Stored items:

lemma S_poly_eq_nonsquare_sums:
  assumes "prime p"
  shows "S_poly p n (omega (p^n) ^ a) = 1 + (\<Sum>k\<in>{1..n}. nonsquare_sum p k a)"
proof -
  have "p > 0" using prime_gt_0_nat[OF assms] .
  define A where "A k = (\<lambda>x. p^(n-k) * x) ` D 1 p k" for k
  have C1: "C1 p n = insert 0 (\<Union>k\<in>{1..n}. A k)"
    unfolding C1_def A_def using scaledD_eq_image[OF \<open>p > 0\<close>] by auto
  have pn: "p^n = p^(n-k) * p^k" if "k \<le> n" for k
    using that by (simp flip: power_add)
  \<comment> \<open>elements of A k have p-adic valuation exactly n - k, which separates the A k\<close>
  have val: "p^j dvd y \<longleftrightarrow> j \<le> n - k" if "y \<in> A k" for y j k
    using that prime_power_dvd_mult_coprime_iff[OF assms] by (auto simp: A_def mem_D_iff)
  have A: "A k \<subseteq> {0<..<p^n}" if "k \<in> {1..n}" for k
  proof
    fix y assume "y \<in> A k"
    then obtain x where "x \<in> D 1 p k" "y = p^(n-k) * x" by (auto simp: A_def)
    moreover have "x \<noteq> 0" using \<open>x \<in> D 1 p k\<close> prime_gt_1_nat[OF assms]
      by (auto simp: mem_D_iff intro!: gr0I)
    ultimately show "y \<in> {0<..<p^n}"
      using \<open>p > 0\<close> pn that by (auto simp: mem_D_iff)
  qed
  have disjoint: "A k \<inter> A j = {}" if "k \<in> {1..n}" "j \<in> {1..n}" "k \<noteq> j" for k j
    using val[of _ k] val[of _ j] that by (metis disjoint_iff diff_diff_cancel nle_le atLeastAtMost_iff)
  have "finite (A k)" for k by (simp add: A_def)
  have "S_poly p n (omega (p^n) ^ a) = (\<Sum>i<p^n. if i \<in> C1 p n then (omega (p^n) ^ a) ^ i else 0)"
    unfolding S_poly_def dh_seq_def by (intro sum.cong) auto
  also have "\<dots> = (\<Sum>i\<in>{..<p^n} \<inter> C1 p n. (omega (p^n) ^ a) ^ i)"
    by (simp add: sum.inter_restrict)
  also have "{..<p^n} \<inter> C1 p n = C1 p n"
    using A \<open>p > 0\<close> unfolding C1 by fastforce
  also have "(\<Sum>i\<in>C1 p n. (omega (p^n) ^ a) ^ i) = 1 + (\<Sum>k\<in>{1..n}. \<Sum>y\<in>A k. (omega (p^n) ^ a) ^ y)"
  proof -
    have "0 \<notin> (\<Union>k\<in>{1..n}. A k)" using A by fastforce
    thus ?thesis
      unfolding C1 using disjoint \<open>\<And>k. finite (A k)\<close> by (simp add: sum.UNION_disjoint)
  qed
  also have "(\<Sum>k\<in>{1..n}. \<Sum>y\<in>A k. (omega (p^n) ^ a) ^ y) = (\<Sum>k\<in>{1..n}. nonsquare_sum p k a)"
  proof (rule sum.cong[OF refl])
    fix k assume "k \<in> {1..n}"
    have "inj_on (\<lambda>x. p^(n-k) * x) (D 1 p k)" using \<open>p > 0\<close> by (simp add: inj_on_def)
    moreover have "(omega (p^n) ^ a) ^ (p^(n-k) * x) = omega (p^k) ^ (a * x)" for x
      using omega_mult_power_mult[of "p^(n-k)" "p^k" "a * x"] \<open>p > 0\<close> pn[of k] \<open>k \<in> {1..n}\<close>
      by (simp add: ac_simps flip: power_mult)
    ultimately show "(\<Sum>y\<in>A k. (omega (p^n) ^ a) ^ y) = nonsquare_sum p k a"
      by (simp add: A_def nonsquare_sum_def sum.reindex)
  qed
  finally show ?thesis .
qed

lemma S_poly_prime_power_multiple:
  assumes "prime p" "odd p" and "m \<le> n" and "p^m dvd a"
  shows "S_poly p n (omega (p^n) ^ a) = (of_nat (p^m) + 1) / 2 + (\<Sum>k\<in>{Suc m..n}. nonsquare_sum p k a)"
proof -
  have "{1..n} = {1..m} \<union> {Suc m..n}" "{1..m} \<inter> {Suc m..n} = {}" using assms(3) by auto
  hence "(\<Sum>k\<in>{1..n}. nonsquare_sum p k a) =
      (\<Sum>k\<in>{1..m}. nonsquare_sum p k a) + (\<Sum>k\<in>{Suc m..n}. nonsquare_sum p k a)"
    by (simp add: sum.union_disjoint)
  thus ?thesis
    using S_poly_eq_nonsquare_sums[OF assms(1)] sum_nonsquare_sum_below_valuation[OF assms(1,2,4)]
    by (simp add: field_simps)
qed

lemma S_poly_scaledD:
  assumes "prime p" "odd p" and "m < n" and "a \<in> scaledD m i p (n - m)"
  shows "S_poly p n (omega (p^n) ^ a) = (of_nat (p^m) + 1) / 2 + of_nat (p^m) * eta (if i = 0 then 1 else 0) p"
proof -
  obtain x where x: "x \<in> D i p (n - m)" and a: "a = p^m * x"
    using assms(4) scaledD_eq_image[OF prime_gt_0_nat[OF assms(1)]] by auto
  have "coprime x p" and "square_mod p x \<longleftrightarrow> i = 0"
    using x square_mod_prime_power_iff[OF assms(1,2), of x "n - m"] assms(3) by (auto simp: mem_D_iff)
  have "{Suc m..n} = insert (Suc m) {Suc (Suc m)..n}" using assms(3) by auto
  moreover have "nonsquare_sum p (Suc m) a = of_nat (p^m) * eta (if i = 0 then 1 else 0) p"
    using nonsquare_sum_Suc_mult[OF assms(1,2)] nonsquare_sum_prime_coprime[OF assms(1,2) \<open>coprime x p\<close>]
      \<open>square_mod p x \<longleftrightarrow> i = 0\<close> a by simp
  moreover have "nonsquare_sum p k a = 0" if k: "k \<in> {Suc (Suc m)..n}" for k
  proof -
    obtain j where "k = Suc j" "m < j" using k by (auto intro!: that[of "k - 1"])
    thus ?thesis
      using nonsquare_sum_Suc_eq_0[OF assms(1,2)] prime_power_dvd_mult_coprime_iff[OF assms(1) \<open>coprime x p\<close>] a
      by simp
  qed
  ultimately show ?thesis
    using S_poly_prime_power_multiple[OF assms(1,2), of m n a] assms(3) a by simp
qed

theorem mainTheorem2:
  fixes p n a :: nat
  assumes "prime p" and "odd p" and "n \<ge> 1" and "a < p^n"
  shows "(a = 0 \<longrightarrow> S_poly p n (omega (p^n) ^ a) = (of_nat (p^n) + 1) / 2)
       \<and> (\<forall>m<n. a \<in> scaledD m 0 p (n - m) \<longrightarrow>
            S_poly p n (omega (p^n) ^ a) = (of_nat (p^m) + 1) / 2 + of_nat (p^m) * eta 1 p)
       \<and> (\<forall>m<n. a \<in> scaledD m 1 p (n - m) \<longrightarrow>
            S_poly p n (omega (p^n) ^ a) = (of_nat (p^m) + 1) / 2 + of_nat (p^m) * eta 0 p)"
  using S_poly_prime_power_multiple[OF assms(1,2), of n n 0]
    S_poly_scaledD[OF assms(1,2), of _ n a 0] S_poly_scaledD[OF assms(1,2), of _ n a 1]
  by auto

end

## YOUR INSTRUCTIONS
Transcribe, exactly and without additions, the lines of the records above, beginning with the line that contains "p (Suc m) a" and ending with the line that contains "0\<close> a by simp", both included.

## WRITTEN REPLY
  moreover have "nonsquare_sum p (Suc m) a = of_nat (p^m) * eta (if i = 0 then 1 else 0) p"
    using nonsquare_sum_Suc_mult[OF assms(1,2)] nonsquare_sum_prime_coprime[OF assms(1,2) \<open>coprime x p\<close>]
      \<open>square_mod p x \<longleftrightarrow> i = 0\<close> a by simp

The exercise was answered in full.